Все было скромно в этом доме: тусклые тесные комнатки и высохшие скрипучие половицы с многолетними наслоениями красновато-вишневой мастики, небогатая посуда, дребезжащая в старинных буфетах от тяжелой поступи посетителей. На рабочем месте Фёдора Михайловича разложены перо, пожелтевшие копии черновиков с летящим почерком и наброском, изображающим князя Мышкина, напоминающего спитого бродягу с Курского вокзала. В столовой: большой стол, расставлены тарелки и почему-то только один красивый лафитник, — наверно, для хозяина дома. Иван подошел ближе, чтобы рассмотреть утварь: ничего особенного, желтоватый фарфор и запыленная рюмка, из которой не пили, возможно, уже полторы сотни лет.
Паша недоуменно рассматривал жутковатую темную картину с измученным ликом мертвого Христа, фрагмент знаменитого полотна Ганса Гольбейна Mладшего, а любознательный Федя спрашивал смотрительницу: а это действительно вещи Достоевского? И что он написал в этих комнатах, а сколько заработал, а почему такой маленький дом у знаменитого писателя?
Старушка, загадочно улыбаясь, что-то отвечала Федьке, а в это время Иван схватил лафитник и сунул в карман. Зачем он это сделал, непонятно. Ваня не был замечен в клептомании, никогда в жизни не брал чужого, даже наоборот, всегда делился и, наверно, был готов отдать последнее, если товарищи попросят. Замерев в ожидании сирены, криков и визгов, Ваня ждал, когда провалится в преисподнюю или кто-нибудь сильно ударит наглеца по шее, слушал яростный стук крови в висках, затылок его горел…
Ничего не произошло. Вообще. За спиной шелестел тихий, вкрадчивый голос служительницы дома-музея, гудели басовитые вопросительные реплики Фёдора, скрипели доски под ногами Павла, уходящего в соседние помещения.

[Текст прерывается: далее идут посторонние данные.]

(* Let $a\ge 2$ be even, and let $c,e$ be odd integers with $0<c<e\le\frac a2$. Then $U=\{(a,-a),(c,-c),(e,-e)\}\subseteq\mathcal{B}$ is unavoidable.
   Context: The bicyclic inverse semigroup is $\mathcal{B}=\{(a,b)\in\mathbb{Z}\times\mathbb{Z}\mid a\ge 0,\ a+b\ge 0\}$ with multiplication $(a,b)(c,d)=(\max\{c+d,a\}-d,\ b+d)$. A subset $U\subseteq\mathcal{B}$ is called avoidable if $\mathcal{B}$ can be partitioned into two subsets $A$ and $B$ such that no element of $U$ can be written as a product $xy$ of two distinct elements $x\neq y$ both in $A$, or both in $B$. A set is unavoidable if it is not avoidable. *)

theory Defs
  imports Main
begin

definition bicyclic :: "(int \<times> int) set" where
  "bicyclic = {(a, b). a \<ge> 0 \<and> a + b \<ge> 0}"

definition bmult :: "int \<times> int \<Rightarrow> int \<times> int \<Rightarrow> int \<times> int" where
  "bmult x y = (case x of (a, b) \<Rightarrow> case y of (c, d) \<Rightarrow> (max (c + d) a - d, b + d))"

definition avoidable :: "(int \<times> int) set \<Rightarrow> bool" where
  "avoidable U \<longleftrightarrow> (\<exists>A B. A \<union> B = bicyclic \<and> A \<inter> B = {} \<and>
     (\<forall>x\<in>A. \<forall>y\<in>A. x \<noteq> y \<longrightarrow> bmult x y \<notin> U) \<and>
     (\<forall>x\<in>B. \<forall>y\<in>B. x \<noteq> y \<longrightarrow> bmult x y \<notin> U))"

definition unavoidable :: "(int \<times> int) set \<Rightarrow> bool" where
  "unavoidable U \<longleftrightarrow> \<not> avoidable U"

end

theory Submission
  imports Defs
begin

text \<open>Write \<open>d m = (m, -m)\<close>. Any two-part partition puts two of three distinct elements
  into the same part, so it suffices to find three elements whose three pairwise products lie
  in \<open>U\<close>. With \<open>a = c + e + 2k\<close>, \<open>k \<ge> 0\<close>, the elements \<open>d (k + c)\<close>, \<open>d (k + e)\<close> and \<open>(0, k)\<close>
  do this: \<open>d m \<cdot> d n = d (m + n)\<close>, and right multiplication by \<open>(0, k)\<close> sends \<open>d m\<close> to
  \<open>d (m - k)\<close> for \<open>m \<ge> k\<close>.\<close>

lemma bmult_diag_diag:
  assumes "0 \<le> m"
  shows "bmult (m, -m) (n, -n) = (m + n, -(m + n))"
  using assms by (simp add: bmult_def)

lemma bmult_diag_right:
  assumes "k \<le> m"
  shows "bmult (m, -m) (0, k) = (m - k, -(m - k))"
  using assms by (simp add: bmult_def)

lemma unavoidable_if_product_triangle:
  assumes "x \<in> bicyclic" "y \<in> bicyclic" "z \<in> bicyclic"
    and "x \<noteq> y" "x \<noteq> z" "y \<noteq> z"
    and "bmult x y \<in> U" "bmult x z \<in> U" "bmult y z \<in> U"
  shows "unavoidable U"
  unfolding unavoidable_def avoidable_def
proof
  assume "\<exists>A B. A \<union> B = bicyclic \<and> A \<inter> B = {} \<and>
     (\<forall>x\<in>A. \<forall>y\<in>A. x \<noteq> y \<longrightarrow> bmult x y \<notin> U) \<and>
     (\<forall>x\<in>B. \<forall>y\<in>B. x \<noteq> y \<longrightarrow> bmult x y \<notin> U)"
  then obtain A B where cover: "A \<union> B = bicyclic"
    and free_A: "\<forall>x\<in>A. \<forall>y\<in>A. x \<noteq> y \<longrightarrow> bmult x y \<notin> U"
    and free_B: "\<forall>x\<in>B. \<forall>y\<in>B. x \<noteq> y \<longrightarrow> bmult x y \<notin> U"
    by blast
  have "x \<in> A \<or> x \<in> B" "y \<in> A \<or> y \<in> B" "z \<in> A \<or> z \<in> B"
    using assms(1-3) cover by blast+
  then show False
    using free_A free_B assms(4-9) by blast
qed

lemma unavoidable_diag_triple:
  fixes c e k :: int
  assumes "0 \<le> k" and "0 < c" and "0 < e" and "c \<noteq> e"
  shows "unavoidable {(c + e + 2 * k, -(c + e + 2 * k)), (c, -c), (e, -e)}" (is "unavoidable ?U")
proof (rule unavoidable_if_product_triangle)
  show "bmult (k + c, -(k + c)) (k + e, -(k + e)) \<in> ?U"
    using assms by (subst bmult_diag_diag) (simp_all add: algebra_simps)
  show "bmult (k + c, -(k + c)) (0, k) \<in> ?U"
    using assms by (subst bmult_diag_right) simp_all
  show "bmult (k + e, -(k + e)) (0, k) \<in> ?U"
    using assms by (subst bmult_diag_right) simp_all
qed (use assms in \<open>auto simp: bicyclic_def\<close>)

theorem proposition3p4:
  fixes a c e :: int
  assumes "a \<ge> 2" and "even a" and "odd c" and "odd e"
    and "0 < c" and "c < e" and "2 * e \<le> a"
  shows "unavoidable {(a, -a), (c, -c), (e, -e)}"
proof -
  have "even (a - c - e)"
    using assms(2-4) by simp
  then obtain k where k: "a - c - e = 2 * k"
    by blast
  have "0 \<le> k"
    using k assms(6,7) by linarith
  moreover have "a = c + e + 2 * k"
    using k by simp
  ultimately show ?thesis
    using unavoidable_diag_triple assms(5,6) by simp
qed

end
(* Let $p$ be a prime and let $k,\ell,m,n$ be integers with $k>0$ and $\ell,m,n\ge 0$. Put $q=p^k$, $Q=p^{\ell}$, $R=p^m$, $S=p^n$. Let $c\in\mathbb{F}_q^*$ and define \[ f(X)=(X^q-X)^{Q+1}+c\,X^{q^2(R+S)}+c\,X^{q(R+S)}+c\,X^{R+S}\in\mathbb{F}_q[X], \] i.e. $f(X)=X^{Q+1}\circ(X^q-X)+(X^{q^2}+X^q+X)\circ cX^{R+S}$. Then $f(X)$ permutes $\mathbb{F}_{q^3}$ if and only if $\gcd\bigl(q-1,(Q+1)(R+S)\bigr)=1$. Equivalently, $f(X)$ permutes $\mathbb{F}_{q^3}$ if and only if $p=2$ and $\operatorname{ord}_2(k)\le\min\bigl(\operatorname{ord}_2(\ell),\operatorname{ord}_2(m-n)\bigr)$.
   Context: A polynomial $g\in\mathbb{F}_{q^3}[X]$ permutes $\mathbb{F}_{q^3}$ if $\alpha\mapsto g(\alpha)$ is a bijection of $\mathbb{F}_{q^3}$. For a nonzero integer $N$, $\operatorname{ord}_2(N)$ is the largest integer $s\ge 0$ with $2^s\mid N$, and $\operatorname{ord}_2(0)=\infty$. The symbol $\circ$ denotes composition of polynomials. *)

theory Defs
  imports "HOL-Computational_Algebra.Computational_Algebra" "HOL-Library.Extended_Nat"
begin

definition ord2 :: "int \<Rightarrow> enat" where
  "ord2 N = (if N = 0 then \<infinity> else enat (multiplicity (2::int) N))"

definition f_poly :: "nat \<Rightarrow> nat \<Rightarrow> nat \<Rightarrow> nat \<Rightarrow> 'a::comm_ring_1 \<Rightarrow> 'a poly" where
  "f_poly q Q R S c =
     (monom 1 q - monom 1 1) ^ (Q + 1)
     + monom c (q^2 * (R + S)) + monom c (q * (R + S)) + monom c (R + S)"

end

(*
  In odd characteristic f(1) = f(-1), while q - 1 and Q + 1 are both even.

  In characteristic 2 put Tr x = x^(q^2) + x^q + x and write R + S = 2^e (2^d + 1) with d = |m - n|,
  so that f(x) = (x^q + x)^(Q+1) + c Tr(x^(R+S)). Both arithmetic conditions say that there are no
  nontrivial (Q+1)-th or (2^d+1)-th roots of unity in F_q. Under them, f(x) = f(y) first forces
  u = x^q + x and v = y^q + y to coincide: both have trace 0 and u^(Q+1) + v^(Q+1) lies in F_q,
  and applying the Frobenius twice turns this into an identity showing that otherwise z^Q + z + 1
  would have a root in F_(q^3). Then a = x + y lies in F_q and the trace terms give
  (a + Tr x)^(R+S) = (Tr x)^(R+S), so a = 0. Conversely, a nontrivial (2^d+1)-th root of unity w in
  F_q gives f(w) = f(1), and a nontrivial (Q+1)-th one gives f(w x + a) = f(x) for every x outside
  F_q and a suitable a in F_q.
*)
theory Submission
  imports Defs "HOL-Algebra.Algebraic_Closure_Type" "HOL-Number_Theory.Residues"
begin

(* HOL-Algebra's Divisibility.prime would otherwise shadow the prime of Factorial_Ring. *)
hide_const (open) Divisibility.prime

section \<open>Finite fields\<close>

lemma pow_ring_of_type_algebra:
  "x [^]\<^bsub>ring_of_type_algebra\<^esub> n = (x :: 'a :: field) ^ n"
  by (induction n) (simp_all add: ring_of_type_algebra_def)

lemma power_card_minus_one_eq_1:
  fixes x :: "'a :: {field, finite}"
  assumes "x \<noteq> 0"
  shows "x ^ (card (UNIV :: 'a set) - 1) = 1"
proof -
  let ?G = "Multiplicative_Group.mult_of (ring_of_type_algebra :: 'a ring)"
  interpret group ?G
    using field.field_mult_group[OF field_from_type_algebra] .
  have "x [^]\<^bsub>?G\<^esub> order ?G = \<one>\<^bsub>?G\<^esub>"
    using assms by (intro pow_order_eq_1) (simp add: ring_of_type_algebra_def)
  moreover have "order ?G = card (UNIV :: 'a set) - 1"
    by (simp add: order_def ring_of_type_algebra_def card_Diff_singleton)
  ultimately show ?thesis
    by (simp add: Multiplicative_Group.nat_pow_mult_of pow_ring_of_type_algebra)
      (simp add: ring_of_type_algebra_def)
qed

lemma power_card_eq_self:
  fixes x :: "'a :: {field, finite}"
  shows "x ^ card (UNIV :: 'a set) = x"
proof (cases "x = 0")
  case False
  have "card (UNIV :: 'a set) = Suc (card (UNIV :: 'a set) - 1)"
    using finite_UNIV_card_ge_0[where 'a='a] by simp
  then show ?thesis
    using power_card_minus_one_eq_1[OF False] by (metis mult_1_right power_Suc)
qed (use finite_UNIV_card_ge_0[where 'a='a] in simp)

lemma card_power_eq_power_le:
  fixes m n :: nat
  assumes "m < n"
  shows "card {x :: 'a :: idom. x ^ n = x ^ m} \<le> n"
proof -
  let ?p = "Polynomial.monom (1 :: 'a) n + - Polynomial.monom 1 m"
  have "Polynomial.degree ?p = n"
    using assms by (subst degree_add_eq_left) (simp_all add: degree_monom_eq)
  then have "?p \<noteq> 0"
    using assms by auto
  then show ?thesis
    using card_poly_roots_bound[of ?p] \<open>Polynomial.degree ?p = n\<close> by (simp add: poly_monom)
qed

lemma two_le_card_UNIV: "2 \<le> card (UNIV :: 'a :: {field, finite} set)"
proof -
  have "card {0 :: 'a, 1} \<le> card (UNIV :: 'a set)"
    by (rule card_mono) auto
  then show ?thesis
    by simp
qed

lemma power_gcd_eq_1:
  fixes x :: "'a :: monoid_mult"
  assumes "x ^ a = 1" and "x ^ b = 1"
  shows "x ^ gcd a b = 1"
proof (cases "a = 0")
  case False
  then obtain s t where "a * s = b * t + gcd a b"
    using bezout_nat by blast
  then have "x ^ (a * s) = x ^ (b * t) * x ^ gcd a b"
    by (simp add: power_add)
  then show ?thesis
    using assms by (simp add: power_mult)
qed (use assms in simp)

lemma exists_root_of_unity_neq_1:
  assumes "1 < d" and "d dvd card (UNIV :: 'a :: {field, finite} set) - 1"
  shows "\<exists>w :: 'a. w ^ d = 1 \<and> w \<noteq> 1"
proof -
  define N where "N = card (UNIV :: 'a set) - 1"
  obtain e where e: "N = d * e"
    using assms(2) unfolding N_def by blast
  have "N > 0"
    using two_le_card_UNIV[where 'a='a] by (simp add: N_def)
  then have "0 < e" "e < N"
    using e assms(1) by simp_all
  have "\<not> UNIV - {0} \<subseteq> {x :: 'a. x ^ e = x ^ 0}"
  proof
    assume sub: "UNIV - {0} \<subseteq> {x :: 'a. x ^ e = x ^ 0}"
    have "card (UNIV - {0 :: 'a}) \<le> e"
      using card_mono[OF _ sub] card_power_eq_power_le[OF \<open>0 < e\<close>, where 'a='a]
      by (meson finite order_trans)
    then show False
      using \<open>e < N\<close> by (simp add: N_def card_Diff_singleton)
  qed
  then obtain x :: 'a where "x \<noteq> 0" "x ^ e \<noteq> 1"
    by auto
  moreover have "(x ^ e) ^ d = 1"
    using power_card_minus_one_eq_1[OF \<open>x \<noteq> 0\<close>] e
    by (simp add: N_def flip: power_mult) (simp add: mult.commute)
  ultimately show ?thesis
    by blast
qed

Антикварное стекло, казалось, нагрелось и обрело невыносимую тяжесть, жгло бедро через слой синтепона, будто в карман залили раскаленного свинца. Иван смахнул пот со лба, сглотнул вязкую слюну и двинулся за Пашкой, с трудом передвигая ноги. Они за четверть часа посмотрели экспозицию, сфотографировались у большой копии портрета кисти Перова, где Фёдор Михайлович, сцепив длинные пальцы в замок, смотрел куда-то в угол. Глянув на опухшие физиономии товарищей, вставших с двух сторон от рамы, Иван, забывший на секунду о своем преступлении, не выдержал и рассмеялся — уж очень эти грубые лица кирпичного оттенка контрастировали с высоколобым, бледным и задумчивым ликом гения.
— Че ржешь, снимай, я устал щериться, — буркнул сквозь зубы замерший в улыбке и выпятивший грудь Пашка; кто-то ему сказал, шутя, что он красивый мужчина, и Паша, искренне поверив, теперь вышагивал по жизни как стриженый пудель среди дворняг.
Купив магнитиков и сувениров, продававшихся у гардероба, Иван вручил каждой из старушек по тысяче рублей, поблагодарив за хороший прием. Эта жалкая попытка замирения с совестью не помогла ему, карман горел и тянул чудовищным грузом, но хранительницы музея растрогались, не ожидав столь щедрых чаевых, и тепло попрощались со странными внезапными посетителями.
Мужики немного постояли рядом с музеем у старинного фонаря, покурили уже молча, без шуток и смеха, выпили по паре глотков и двинулись в сторону гостиницы. Надо было собирать вещи.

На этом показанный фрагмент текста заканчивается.